Da ich alles Reinigen will und endlich mal mein Kabelmanagement aufräumen will damit der Airflow besser wird wollte ich fragen was mehr sinn ergibt.

Dazu kommt noch reicht ein Lüfter vornen für Kaltluft rein und hinten warme Luft raus oder sollte ich noch einen  Lüfter für warme Luft raus oben anbringen?

Gruß und mal wieder Danke für eure Hilfe.


----------



## jkox11 (4. Mai 2015)

*AW: Gehäuselüfter  Mainboard oder Lüftersteuerung?*

Welche Lüfter hast du? 3 pin oder 4 pin? 

Ist wuppe ob Lüftersteuerung oder Mainboard. 
Ich würd von der Lüftersteuerung profitieren. Da kannst du aber auch nur 2 anschliessen, ausser du verbindest die Kabel mit einem Y-Kabel miteinander. 
Wieviel Lüfter hast du jetzt drin? 

Das Z9 ist halt kein top Gehäuse. Es fehlen Staubfilter, so dass da viel Staub reinkommt.


----------



## Axel3131 (4. Mai 2015)

*AW: Gehäuselüfter  Mainboard oder Lüftersteuerung?*

Habe 3 Pin Lüfter.

Momentan sind 2 angeschlossen einer vornen und einer hinten. Zusätzlich ist ein Stillgelegter oben verbaut und 1 liegt noch hier rum (muss dazusagen dass es die Lüfter sind die bei dem Gehäuse dabei waren).

Das mit dem Staub habe ich auch schon bemerkt  gerade jetzt bei meinem Umbau im Haus merkt man es gewaltig, ich kann jeden Tag zu sehen wie die Temperaturen steigen. 
Sobald der Umbau abgeschlossen ist habe ich damit wieder weniger Probleme...hoffe ich.


----------



## jkox11 (4. Mai 2015)

*AW: Gehäuselüfter  Mainboard oder Lüftersteuerung?*

Das Problem bleibt weiterhin leider bestehen, da im Seitenteil und beim Netzteil kein Staubfilter vorhanden ist... Da kannst du ein so gutes KM haben wie du willst, der Staub wird seinen Weg durch diese fehlenden Filter locker finden... 

Ich würde die beiden vorne an die Lüftersteuerung anschliessen (einblasend), und die beiden hinten bzw. oben an das Mainboard tun (ausblasend).
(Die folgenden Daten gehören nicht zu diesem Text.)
lemma moment3_hull_cubic_negative:
  assumes p: "(1 - \<epsilon>) *\<^sub>R midpoint (moment3 x) (moment3 y) + \<epsilon> *\<^sub>R moment3 z \<in> convex hull (moment3 ` A)"
    and "0 < \<epsilon>" and q: "degree q \<le> 3" "poly q x = 0" "poly q y = 0" "poly q z < 0"
  shows "\<exists>s\<in>A. poly q s < 0"
proof (rule ccontr)
  assume "\<not> ?thesis"
  then have "moment3 ` A \<subseteq> {y. 0 \<le> moment_functional q y}"
    by (auto simp: moment_functional_moment3 q(1))
  then have "convex hull (moment3 ` A) \<subseteq> {y. 0 \<le> moment_functional q y}"
    by (intro hull_minimal convex_moment_functional_nonneg)
  with p have "0 \<le> moment_functional q ((1 - \<epsilon>) *\<^sub>R midpoint (moment3 x) (moment3 y) + \<epsilon> *\<^sub>R moment3 z)"
    by auto
  also have "\<dots> = \<epsilon> * poly q z"
  proof -
    have "moment_functional q (midpoint (moment3 x) (moment3 y)) = 0"
      using moment_functional_affine[of "1/2" "1/2" q "moment3 x" "moment3 y"] q
      by (simp add: midpoint_def scaleR_add_right moment_functional_moment3)
    then show ?thesis
      using q by (simp add: moment_functional_affine moment_functional_moment3)
  qed
  finally show False
    using \<open>0 < \<epsilon>\<close> \<open>poly q z < 0\<close> by (simp add: zero_le_mult_iff)
qed

lemma closed_cover_segment_start:
  fixes m q :: "'a::real_normed_vector"
  assumes "finite \<F>" "\<And>K. K \<in> \<F> \<Longrightarrow> closed K" "closed_segment m q \<subseteq> \<Union>\<F>"
  shows "\<exists>K\<in>\<F>. m \<in> K \<and> (\<exists>\<epsilon>>0. (1 - \<epsilon>) *\<^sub>R m + \<epsilon> *\<^sub>R q \<in> K)"
proof -
  define L where "L = \<Union>{K\<in>\<F>. m \<notin> K}"
  have "open (- L)"
    unfolding L_def using assms(1,2) by (intro open_Compl closed_Union) auto
  moreover have "m \<in> - L"
    unfolding L_def by auto
  ultimately obtain e where "0 < e" and e: "ball m e \<subseteq> - L"
    by (meson open_contains_ball)
  define N where "N = norm (q - m)"
  define \<epsilon> where "\<epsilon> = min 1 (e / (N + 1))"
  have "0 \<le> N"
    by (simp add: N_def)
  then have \<epsilon>: "0 < \<epsilon>" "\<epsilon> \<le> 1"
    using \<open>0 < e\<close> by (auto simp: \<epsilon>_def)
  define p where "p = (1 - \<epsilon>) *\<^sub>R m + \<epsilon> *\<^sub>R q"
  have "dist m p = \<epsilon> * N"
    using \<epsilon> by (simp add: p_def N_def dist_norm norm_minus_commute algebra_simps flip: scaleR_diff_right)
  also have "\<dots> \<le> e / (N + 1) * N"
    using \<open>0 \<le> N\<close> by (intro mult_right_mono) (auto simp: \<epsilon>_def)
  also have "\<dots> < e"
    using \<open>0 < e\<close> \<open>0 \<le> N\<close> by (simp add: field_simps)
  finally have "p \<notin> L"
    using e by auto
  moreover have "p \<in> closed_segment m q"
    using \<epsilon> by (auto simp: p_def closed_segment_def)
  ultimately obtain K where "K \<in> \<F>" "p \<in> K" "m \<in> K"
    using assms(3) unfolding L_def by blast
  then show ?thesis
    using \<epsilon> p_def by blast
qed

lemma triangulation_simplex_subset:
  "is_triangulation n t T \<Longrightarrow> S \<in> T \<Longrightarrow> S \<subseteq> {0..n+1}"
  unfolding is_triangulation_def by blast

lemma finite_triangulation: "is_triangulation n t T \<Longrightarrow> finite T"
  by (meson PowI finite_Pow_iff finite_atLeastAtMost finite_subset subsetI triangulation_simplex_subset)
lemma opnorm_eop_le:
  assumes \<Omega>1: "\<Omega>1 \<in> sets borel" and sub: "\<Omega>1 \<subseteq> \<Omega>2" and S: "bop \<Omega>2 S"
  shows "opnorm \<Omega>1 (eop \<Omega>1 \<Omega>2 S) \<le> opnorm \<Omega>2 S"
  unfolding opnorm_def
proof (rule cSup_least)
  show "(\<lambda>f. l2norm (eop \<Omega>1 \<Omega>2 S f)) ` {f \<in> L2 \<Omega>1. l2norm f \<le> 1} \<noteq> {}"
    using L2_zero[of \<Omega>1] by (auto simp: l2norm_def)
  obtain K where K: "K \<ge> 0" "\<forall>f\<in>L2 \<Omega>2. l2norm (S f) \<le> K * l2norm f"
    using bop_bound[OF S] by blast
  have bdd: "bdd_above ((\<lambda>f. l2norm (S f)) ` {f \<in> L2 \<Omega>2. l2norm f \<le> 1})"
  proof (rule bdd_aboveI)
    fix t
    assume "t \<in> (\<lambda>f. l2norm (S f)) ` {f \<in> L2 \<Omega>2. l2norm f \<le> 1}"
    then obtain f where "f \<in> L2 \<Omega>2" "l2norm f \<le> 1" "t = l2norm (S f)"
      by auto
    with K show "t \<le> K"
      by (metis mult_left_le order_trans)
  qed
  fix t
  assume "t \<in> (\<lambda>f. l2norm (eop \<Omega>1 \<Omega>2 S f)) ` {f \<in> L2 \<Omega>1. l2norm f \<le> 1}"
  then obtain f where f: "f \<in> L2 \<Omega>1" "l2norm f \<le> 1" "t = l2norm (eop \<Omega>1 \<Omega>2 S f)"
    by auto
  have f2: "f \<in> L2 \<Omega>2"
    using f(1) L2_mono[OF sub] by blast
  have "t \<le> l2norm (S f)"
    unfolding f(3) eop_eq[OF f(1)]
    by (rule l2norm_indicator_mult_le[OF linop_L2[OF bop_imp_linop[OF S] f2] \<Omega>1])
  also have "\<dots> \<le> Sup ((\<lambda>f. l2norm (S f)) ` {f \<in> L2 \<Omega>2. l2norm f \<le> 1})"
    using f2 f(2) by (intro cSup_upper[OF _ bdd]) auto
  finally show "t \<le> Sup ((\<lambda>f. l2norm (S f)) ` {f \<in> L2 \<Omega>2. l2norm f \<le> 1})" .
qed

lemma eop_iop:
  assumes "bop \<Omega>1 T"
  shows "op_eq \<Omega>1 (eop \<Omega>1 \<Omega>2 (iop \<Omega>2 \<Omega>1 T)) T"
  unfolding op_eq_def
proof (intro ballI AE_I2)
  fix f x
  assume f: "f \<in> L2 \<Omega>1"
  have "(\<lambda>y. indicator \<Omega>1 y * (indicator \<Omega>1 y * f y)) = (\<lambda>y. indicator \<Omega>1 y * f y)"
    by (auto simp: fun_eq_iff indicator_def)
  then have "eop \<Omega>1 \<Omega>2 (iop \<Omega>2 \<Omega>1 T) f x = indicator \<Omega>1 x * T f x"
    unfolding eop_def iop_def indicator_mult_L2[OF f] by simp
  also have "\<dots> = T f x"
    using assms f fun_cong[OF indicator_mult_L2, of "T f" \<Omega>1 x] by (simp add: bop_def)
  finally show "eop \<Omega>1 \<Omega>2 (iop \<Omega>2 \<Omega>1 T) f x = T f x" .
qed

lemma commut_Mult_iop:
  "commut (Mult g) (iop \<Omega>2 \<Omega>1 T) = (\<lambda>e. commut (Mult g) T (\<lambda>y. indicator \<Omega>1 y * e y))"
  unfolding commut_def Mult_def iop_def by (simp add: fun_eq_iff mult.left_commute)

lemma commut_iop_UU:
  "commut (iop \<Omega>2 \<Omega>1 T) (UU w) = (\<lambda>e. commut T (UU w) (\<lambda>y. indicator \<Omega>1 y * e y))"
  unfolding commut_def UU_def Mult_def iop_def by (simp add: fun_eq_iff mult.left_commute)
(* Let $\Omega$ be a finite subset of $\mathbb{Z}^d\setminus\{0\}$ invariant under all symmetries of $\mathbb{Z}^d$, let $\phi:\mathbb{Z}_{\ge 0}\to[0,\infty)$ satisfy $\phi(0)=\phi(1)=0$ and $\phi(a+b)\ge\phi(a)+\phi(b)$, and let $\rho$ be a probability mass function on $\Omega$ invariant under all symmetries of $\mathbb{Z}^d$. Then there exists a constant $C>0$ such that for every $n\in\mathbb{N}$, $$e^{-C\sqrt n}\,Z_n\le H_n\le Z_n.$$
   Context: A walk of length $n$ is a sequence $\gamma=(\gamma(i))_{i=0}^n$ in $\mathbb{Z}^d$ with $\gamma(i)-\gamma(i-1)\in\Omega$ for $0<i\le n$; $\mathrm{W}_n$ is the set of such walks with $\gamma(0)=0$. For $v\in\mathbb{Z}^d$, $l_v(\gamma)=\#\{k:\gamma(k)=v\}$, and $\sigma(\gamma)=\prod_{v}e^{-\phi(l_v(\gamma))}\prod_{i=1}^n\rho(\gamma(i)-\gamma(i-1))$. $Z_n=\sum_{\gamma\in\mathrm{W}_n}\sigma(\gamma)$. For $v\in\mathbb{Z}^d$, $x(v)$ denotes its first coordinate. A walk $\gamma\in\mathrm{W}_n$ is a bridge if $x(\gamma(0))<x(\gamma(i))\le x(\gamma(n))$ for all $1\le i\le n$; $\mathrm{B}_n$ is the set of bridges of length $n$ and $H_n=\sum_{\gamma\in\mathrm{B}_n}\sigma(\gamma)$. *)

theory Defs
  imports Complex_Main
begin

text \<open>Points of Z^d are represented as functions nat => int that vanish
outside {..<d}. The first coordinate x(v) is v 0.\<close>

type_synonym pt = "nat \<Rightarrow> int"

definition in_Zd :: "nat \<Rightarrow> pt \<Rightarrow> bool" where
  "in_Zd d v \<longleftrightarrow> (\<forall>i\<ge>d. v i = 0)"

definition origin :: pt where
  "origin = (\<lambda>_. 0)"

definition xcoord :: "pt \<Rightarrow> int" where
  "xcoord v = v 0"

text \<open>Symmetries of Z^d fixing the origin: signed coordinate permutations.\<close>
definition sym_map :: "nat \<Rightarrow> (nat \<Rightarrow> nat) \<Rightarrow> (nat \<Rightarrow> int) \<Rightarrow> pt \<Rightarrow> pt" where
  "sym_map d p s v = (\<lambda>i. if i < d then s i * v (p i) else 0)"

definition is_symmetry :: "nat \<Rightarrow> (pt \<Rightarrow> pt) \<Rightarrow> bool" where
  "is_symmetry d g \<longleftrightarrow> (\<exists>p s. bij_betw p {..<d} {..<d} \<and> (\<forall>i<d. s i = 1 \<or> s i = -1)
                          \<and> g = sym_map d p s)"

definition walks :: "pt set \<Rightarrow> nat \<Rightarrow> pt list set" where
  "walks \<Omega> n = {\<gamma>. length \<gamma> = Suc n \<and> \<gamma> ! 0 = origin \<and>
      (\<forall>i\<in>{1..n}. (\<lambda>j. (\<gamma> ! i) j - (\<gamma> ! (i - 1)) j) \<in> \<Omega>)}"

definition local_time :: "pt list \<Rightarrow> pt \<Rightarrow> nat" where
  "local_time \<gamma> v = card {k. k < length \<gamma> \<and> \<gamma> ! k = v}"

text \<open>Weight sigma: the product over all v of exp(-phi(l_v)) reduces to the
visited sites since phi 0 = 0.\<close>
definition sigma :: "(nat \<Rightarrow> real) \<Rightarrow> (pt \<Rightarrow> real) \<Rightarrow> pt list \<Rightarrow> real" where
  "sigma \<phi> \<rho> \<gamma> = (\<Prod>v\<in>set \<gamma>. exp (- \<phi> (local_time \<gamma> v))) *
      (\<Prod>i=1..length \<gamma> - 1. \<rho> (\<lambda>j. (\<gamma> ! i) j - (\<gamma> ! (i - 1)) j))"
lemma fin_add_unit_complex_line_eq_0:
  assumes u: "u \<bullet> u = 1"
  shows "\<mu> (proj_onto (span {u, J u})) = 0"
proof (rule fin_add_eq_0_if_many_separated_above[OF \<mu> real_proj_proj_onto_span])
  fix n :: nat
  obtain e :: "nat \<Rightarrow> 'a" where
    e: "\<forall>j<n. \<forall>k<n. cinner J (e j) (e k) = (if j = k then 1 else 0)" "\<forall>k<n. cinner J (e k) u = 0"
    using exists_cinner_orthonormal_family[of "{u}" n] by auto
  define S where "S = (\<Sum>k<n. e k)"
  define B where "B k = {u - e k, J (u + S - e k)}" for k
  note splitting = complex_line_splitting[OF u, of n e, folded S_def]
  have "\<mu> (proj_onto (span {u, J u})) \<le> \<mu> (proj_onto (span (B k)))" if "k < n" for k
    unfolding B_def using e that splitting(1-3)[of k k]
    by (intro fin_add_span_le_if_isotropic_complement[of "{e k, J (S - e k)}"]) auto
  then show "\<exists>G. (\<forall>k<n. finite (G k) \<and> \<mu> (proj_onto (span {u, J u})) \<le> \<mu> (proj_onto (span (G k))))
           \<and> (\<forall>j<n. \<forall>k<n. j \<noteq> k \<longrightarrow> span (G j) \<noteq> span (G k) \<and> sympl_orth J (G j) (G k))"
    using e splitting(4,5) by (intro exI[of _ B]) (auto simp: B_def)
qed simp

lemma fin_add_complex_line_eq_0: "\<mu> (proj_onto (span {u, J u})) = 0"
proof (cases "u = 0")
  case True
  then show ?thesis
    using fin_add_span_empty[OF \<mu>] by simp
next
  case False
  define v where "v = (1 / norm u) *\<^sub>R u"
  have "v \<bullet> v = 1"
    using False by (simp add: v_def power2_norm_eq_inner[symmetric] power2_eq_square)
  moreover have "span {v, J v} = span {u, J u}"
  proof -
    have "span ((\<lambda>x. (1 / norm u) *\<^sub>R x) ` {u, J u}) = span {u, J u}"
      using False by (intro span_image_scale) auto
    then show ?thesis
      by (simp add: v_def)
  qed
  ultimately show ?thesis
    using fin_add_unit_complex_line_eq_0 by metis
qed

lemma fin_add_cspan_eq_0:
  assumes "finite B"
  shows "\<mu> (proj_onto (cspan J B)) = 0"
  using assms
proof (induction B rule: finite_induct)
  case empty
  show ?case
    using fin_add_span_empty[OF \<mu>] by simp
next
  case (insert b B)
  define P where "P = proj_onto (cspan J B)"
  have fin: "finite (B \<union> J ` B)"
    using insert.hyps by simp
  have P: "real_proj P" "range P = cspan J B"
    using fin by (simp_all add: P_def real_proj_proj_onto_span)
  define c where "c = b - P b"
  have "sympl_orth J (range P) {c, J c}"
    unfolding c_def using P complex_structure_cspan by (intro sympl_orth_residual) auto
  then have orth: "sympl_orth J (B \<union> J ` B) {c, J c}"
    by (rule sympl_orth_subset) (auto simp: P(2) intro: span_base)
  have "cspan J (insert b B) \<subseteq> cspan J (insert c B)"
    using P by (intro cspan_insert_subset) (auto simp: c_def)
  also have "\<dots> = span ((B \<union> J ` B) \<union> {c, J c})"
    by (rule arg_cong[where f = span]) auto
  finally have "\<mu> (proj_onto (cspan J (insert b B))) \<le> \<mu> (proj_onto (span ((B \<union> J ` B) \<union> {c, J c})))"
    using fin by (intro fin_add_mono_span[OF \<mu>]) auto
  also have "\<dots> \<le> \<mu> (proj_onto (cspan J B)) + \<mu> (proj_onto (span {c, J c}))"
    using fin orth by (intro fin_add_span_Un_le[OF \<mu>]) auto
  finally have "\<mu> (proj_onto (cspan J (insert b B))) \<le> 0"
    using insert.IH fin_add_complex_line_eq_0[of c] by simp
  moreover have "0 \<le> \<mu> (proj_onto (cspan J (insert b B)))"
    using insert.hyps by (intro fin_add_nonneg[OF \<mu>] real_proj_proj_onto_span) simp
  ultimately show ?case
    by linarith
qed

lemma fin_add_fin_dim_eq_0:
  assumes E: "real_proj E" and "fin_dim_real (range E)"
  shows "\<mu> E = 0"
proof -
  obtain B where B: "finite B" "span B = range E"
    using assms(2) by (auto simp: fin_dim_real_def)
  have "\<mu> E = \<mu> (proj_onto (span B))"
    using proj_onto_range[OF E] B(2) by simp
  also have "\<dots> \<le> \<mu> (proj_onto (cspan J B))"
    using B(1) by (intro fin_add_mono_span[OF \<mu>] span_mono) auto
  finally show ?thesis
    using fin_add_cspan_eq_0[OF B(1)] fin_add_nonneg[OF \<mu> E] by simp
qed

end

section \<open>No countably additive measure in the separable case\<close>

lemma no_prob_measure_if_separable:
  assumes "separable_space (euclidean :: 'a topology)"
  shows "\<not> prob_measure J \<mu>"
proof
  assume pm: "prob_measure J \<mu>"
  then have \<mu>: "fin_add_prob_measure J \<mu>"
    by (rule prob_measure_imp_fin_add)
  have has_sum_join: "(\<mu> has_sum \<mu> (proj_join Q)) Q"
    if "countable Q" "Q \<subseteq> Collect real_proj" "pairwise_separated J Q" for Q
    using pm that by (simp add: prob_measure_def)
  obtain C :: "'a set" where C: "countable C" "closure C = UNIV"
    using assms by (auto simp: separable_space_def)
  then have "C \<noteq> {}"
    by auto
  then have C_eq: "range (from_nat_into C) = C"
    using C(1) by (rule range_from_nat_into)
  define c where "c = complex_gram_schmidt J (from_nat_into C)"
  have dense: "C \<subseteq> cspan J (range c)"
    using range_subset_cspan_complex_gram_schmidt C_eq unfolding c_def by metis
  define G where "G n = {c n, J (c n)}" for n
  define Q where "Q = range (\<lambda>n. proj_onto (span (G n)))"
  have "range c \<union> J ` range c = (\<Union>n. G n)"
    by (auto simp: G_def)
  then have "closure (span (\<Union>n. G n)) = UNIV"
    using closure_mono[OF dense] C(2) by (simp add: top.extremum_unique)
  then have "proj_join Q = id"
    using proj_join_proj_onto_spans[of UNIV G] proj_onto_range[OF real_proj_id]
    by (simp add: Q_def G_def)
  moreover have "(\<mu> has_sum \<mu> (proj_join Q)) Q"
  proof (rule has_sum_join)
    show "countable Q" "Q \<subseteq> Collect real_proj"
      by (auto simp: Q_def G_def real_proj_proj_onto_span)
    show "pairwise_separated J Q"
      unfolding Q_def c_def G_def
      by (intro pairwise_separated_proj_onto_spans sympl_orth_complex_gram_schmidt) auto
  qed
  moreover have "(\<mu> has_sum 0) Q"
    by (rule has_sum_0) (auto simp: Q_def G_def fin_add_complex_line_eq_0[OF \<mu>])
  ultimately have "\<mu> id = 0"
    using has_sum_unique by fastforce
  then show False
    using \<mu> by (simp add: fin_add_prob_measure_def prob_basic_def)
qed

end

theorem theorem5p3:
  fixes J :: "'a::{real_inner,complete_space} \<Rightarrow> 'a"
  assumes "complex_structure J"
    and "\<not> fin_dim_real (UNIV :: 'a set)"
  shows "(\<forall>\<mu>. fin_add_prob_measure J \<mu> \<longrightarrow>
            (\<forall>E. real_proj E \<and> fin_dim_real (range E) \<longrightarrow> \<mu> E = 0))
       \<and> (separable_space (euclidean :: 'a topology) \<longrightarrow> \<not> (\<exists>\<mu>. prob_measure J \<mu>))"
proof -
  interpret inf_dim_complex_hilbert_space J
    using assms by unfold_locales
  show ?thesis
    using fin_add_fin_dim_eq_0 no_prob_measure_if_separable by blast
qed

end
Dann bist du vom Airflow her gut dabei. 

Das Problem mit dem Staub wird leider immer mit dem Z9 vorhanden sein...


----------



## Axel3131 (4. Mai 2015)

*AW: Gehäuselüfter  Mainboard oder Lüftersteuerung?*

Danke dir dann werde ich es so machen. 
Einmal in 2 Monaten einen Putztag für den Rechner einlegen dann dürfte das Staubproblem auch nicht ganz so groß sein.


----------